+++ Source information +++

theorem birkhoff_contraction:
  assumes g: "g \<in> C" and g': "g' \<in> C" "\<not> (AE x in M. g' x = 0)"
  shows "hilbert_dist M C (L g) (L g') \<le> ereal ((c' - c) / (c' + c)) * hilbert_dist M C g g'"
proof (cases "cone_equiv C g g'")
  case False
  then have "hilbert_dist M C g g' = \<infinity>"
    unfolding hilbert_dist_def by simp
  moreover have "0 < (c' - c) / (c' + c)"
    using c_pos c_less by simp
  ultimately have "ereal ((c' - c) / (c' + c)) * hilbert_dist M C g g' = \<infinity>"
    using c_pos c_less by simp
  then show ?thesis
    by (metis ereal_less_eq(1))
next
  case True
  note bounds = hilbert_bounds[OF cone_L2[OF g] g' True]
  obtain a b where ab: "0 < a" "0 < b" "(\<lambda>x. b * L g' x - L g x) \<in> C" "(\<lambda>x. L g x - a * L g' x) \<in> C"
    and ln_ab: "ln (b / a) \<le> (c' - c) / (c' + c) * ln (hilbert_M C g g' / hilbert_m C g g')"
    using birkhoff_step[OF cone_L2[OF g] g'(1) bounds(1,2,3,4)] .
  have "hilbert_dist M C (L g) (L g') \<le> ereal (ln (b / a))"
    using L_mem_cone[OF g'(1)] L_nonzero[OF g'] ab by (rule hilbert_dist_le)
  also have "\<dots> \<le> ereal ((c' - c) / (c' + c)) * hilbert_dist M C g g'"
    using ln_ab True g'(2) unfolding hilbert_dist_def by simp
  finally show ?thesis .
qed

end

section \<open>Cones of functions with controlled tails\<close>

locale tail_cone = prob_space M for M :: "'a::metric_space measure" +
  fixes x0 :: 'a and m :: real
  assumes sets_M: "sets M = sets borel"
    and tail_pos: "0 < measure M (space M - ball_r x0 m)"
    and tail_small: "sqrt (measure M (space M - ball_r x0 m)) \<le> 1 / 32"
begin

+++

## What is being asked
Everything from the line holding "then show ?thesis" through the last line of the entries should be retyped exactly, with no other lines.

## Output of the task
  then show ?thesis
    by (metis ereal_less_eq(1))
next
  case True
  note bounds = hilbert_bounds[OF cone_L2[OF g] g' True]
  obtain a b where ab: "0 < a" "0 < b" "(\<lambda>x. b * L g' x - L g x) \<in> C" "(\<lambda>x. L g x - a * L g' x) \<in> C"
    and ln_ab: "ln (b / a) \<le> (c' - c) / (c' + c) * ln (hilbert_M C g g' / hilbert_m C g g')"
    using birkhoff_step[OF cone_L2[OF g] g'(1) bounds(1,2,3,4)] .
  have "hilbert_dist M C (L g) (L g') \<le> ereal (ln (b / a))"
    using L_mem_cone[OF g'(1)] L_nonzero[OF g'] ab by (rule hilbert_dist_le)
  also have "\<dots> \<le> ereal ((c' - c) / (c' + c)) * hilbert_dist M C g g'"
    using ln_ab True g'(2) unfolding hilbert_dist_def by simp
  finally show ?thesis .
qed

end

section \<open>Cones of functions with controlled tails\<close>

locale tail_cone = prob_space M for M :: "'a::metric_space measure" +
  fixes x0 :: 'a and m :: real
  assumes sets_M: "sets M = sets borel"
    and tail_pos: "0 < measure M (space M - ball_r x0 m)"
    and tail_small: "sqrt (measure M (space M - ball_r x0 m)) \<le> 1 / 32"
begin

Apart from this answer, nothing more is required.